[Exercise details] In the following listing, find the lines containing "lemma" and report them.

[Working data]
lemma clopen_Dpow_cyl_uniform:
  assumes "finite I" and "openin (Dpow I) Z" and "closedin (Dpow I) Z"
  shows "\<exists>N. \<forall>x\<in>Z. cyl I x N \<subseteq> Z"
proof -
  have "\<exists>M. cyl I x M \<subseteq> Z" if "x \<in> Z" for x
    using eventually_cyl_subset[OF assms(1,2) that] unfolding eventually_sequentially by blast
  then obtain R where R: "\<And>x. x \<in> Z \<Longrightarrow> cyl I x (R x) \<subseteq> Z"
    by metis
  have "compactin (Dpow I) Z"
    by (rule closedin_compact_space[OF compact_space_Dpow assms(3)])
  moreover have "Z \<subseteq> \<Union> ((\<lambda>x. cyl I x (R x)) ` Z)"
  proof
    fix x assume "x \<in> Z"
    then have "x \<in> cyl I x (R x)"
      using openin_subset[OF assms(2)] by (intro centre_in_cyl) blast
    then show "x \<in> \<Union> ((\<lambda>x. cyl I x (R x)) ` Z)"
      using \<open>x \<in> Z\<close> by blast
  qed
  moreover have "\<forall>B\<in>(\<lambda>x. cyl I x (R x)) ` Z. openin (Dpow I) B"
    using openin_cyl[OF assms(1)] by blast
  ultimately have "\<exists>\<F>. finite \<F> \<and> \<F> \<subseteq> (\<lambda>x. cyl I x (R x)) ` Z \<and> Z \<subseteq> \<Union>\<F>"
    unfolding compactin_def by meson
  then obtain F where F: "finite F" "F \<subseteq> Z" "Z \<subseteq> (\<Union>x\<in>F. cyl I x (R x))"
    unfolding ex_finite_subset_image by blast
  show ?thesis
  proof (intro exI ballI subsetI)
    fix x y assume "x \<in> Z" and y: "y \<in> cyl I x (Max (R ` F))"
    then obtain p where p: "p \<in> F" "x \<in> cyl I p (R p)"
      using F(3) by blast
    have "R p \<le> Max (R ` F)"
      using F(1) p(1) by (intro Max_ge) auto
    then have "y \<in> cyl I p (R p)"
      using y p(2) by (auto simp: cyl_def)
    then show "y \<in> Z"
      using R F(2) p(1) by blast
  qed
qed

section \<open>A triangular parametrisation of a clopen set\<close>

locale enumerated_clopen =
  fixes e :: "nat \<Rightarrow> 'i" and n :: nat and Z :: "('i \<Rightarrow> nat \<Rightarrow> bool) set" and N :: nat
  assumes inj_e: "inj_on e {..<n}"
    and Z_subset: "Z \<subseteq> topspace (Dpow (e ` {..<n}))"
    and Z_nonempty: "Z \<noteq> {}"
    and Z_cyl: "\<And>z. z \<in> Z \<Longrightarrow> cyl (e ` {..<n}) z N \<subseteq> Z"
begin

abbreviation idx :: "'i set" where
  "idx \<equiv> e ` {..<n}"

lemma e_eq_iff [simp]: "j < n \<Longrightarrow> k < n \<Longrightarrow> e j = e k \<longleftrightarrow> j = k"
  using inj_e by (auto dest: inj_onD)

definition fibre :: "nat \<Rightarrow> ('i \<Rightarrow> nat \<Rightarrow> bool) \<Rightarrow> (nat \<Rightarrow> bool) set" where
  "fibre k y = {z (e k) | z. z \<in> Z \<and> (\<forall>j<k. z (e j) = y (e j))}"

lemma fibre_cong: "(\<And>j. j < k \<Longrightarrow> y (e j) = y' (e j)) \<Longrightarrow> fibre k y = fibre k y'"
  unfolding fibre_def by auto

lemma fibre_perturb:
  assumes k: "k < n" and b: "b \<in> fibre k y" and b': "\<forall>l<N. b' l = b l"
    and y': "\<And>j l. j < k \<Longrightarrow> l < N \<Longrightarrow> y' (e j) l = y (e j) l"
  shows "b' \<in> fibre k y'"
proof -
  obtain z where z: "z \<in> Z" "\<forall>j<k. z (e j) = y (e j)" "z (e k) = b"
    using b unfolding fibre_def by blast
  define z' where "z' q = (if q = e k then b' else if q \<in> e ` {..<k} then y' q else z q)" for q
  have z'_e: "z' (e j) = (if j = k then b' else if j < k then y' (e j) else z (e j))" if "j < n" for j
    using that k by (auto simp: z'_def)
  have "z' \<in> cyl idx z N"
    unfolding cyl_def
  proof (intro CollectI conjI ballI allI impI)
    have "z \<in> extensional idx"
      using z(1) Z_subset by (auto simp: PiE_iff)
    then show "z' \<in> topspace (Dpow idx)"
      using k by (auto simp: z'_def PiE_iff extensional_def)
    fix q l assume "q \<in> idx" and "l < N"
    then obtain j where "j < n" "q = e j"
      by blast
    then show "z' q l = z q l"
      using z(2,3) b' y' \<open>l < N\<close> z'_e by auto
  qed
  then have "z' \<in> Z"
    using Z_cyl[OF z(1)] by blast
  moreover have "\<forall>j<k. z' (e j) = y' (e j)" and "z' (e k) = b'"
    using k z'_e by auto
  ultimately show ?thesis
    unfolding fibre_def by blast
qed

lemma fibre_cyl: "k < n \<Longrightarrow> b \<in> fibre k y \<Longrightarrow> \<forall>l<N. b' l = b l \<Longrightarrow> b' \<in> fibre k y"
  by (rule fibre_perturb) auto

lemma fibre_eq_if_bits_agree:
  assumes "k < n" and "\<And>j l. j < k \<Longrightarrow> l < N \<Longrightarrow> y' (e j) l = y (e j) l"
  shows "fibre k y' = fibre k y"
proof (intro set_eqI iffI)
  fix b
  show "b \<in> fibre k y'" if "b \<in> fibre k y"
    using that by (rule fibre_perturb[OF assms(1)]) (use assms(2) in auto)
  show "b \<in> fibre k y" if "b \<in> fibre k y'"
    using that by (rule fibre_perturb[OF assms(1)]) (use assms(2) in auto)
qed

[Solution for this problem]
lemma clopen_Dpow_cyl_uniform:
lemma e_eq_iff [simp]: "j < n \<Longrightarrow> k < n \<Longrightarrow> e j = e k \<longleftrightarrow> j = k"
lemma fibre_cong: "(\<And>j. j < k \<Longrightarrow> y (e j) = y' (e j)) \<Longrightarrow> fibre k y = fibre k y'"
lemma fibre_perturb:
lemma fibre_cyl: "k < n \<Longrightarrow> b \<in> fibre k y \<Longrightarrow> \<forall>l<N. b' l = b l \<Longrightarrow> b' \<in> fibre k y"
lemma fibre_eq_if_bits_agree:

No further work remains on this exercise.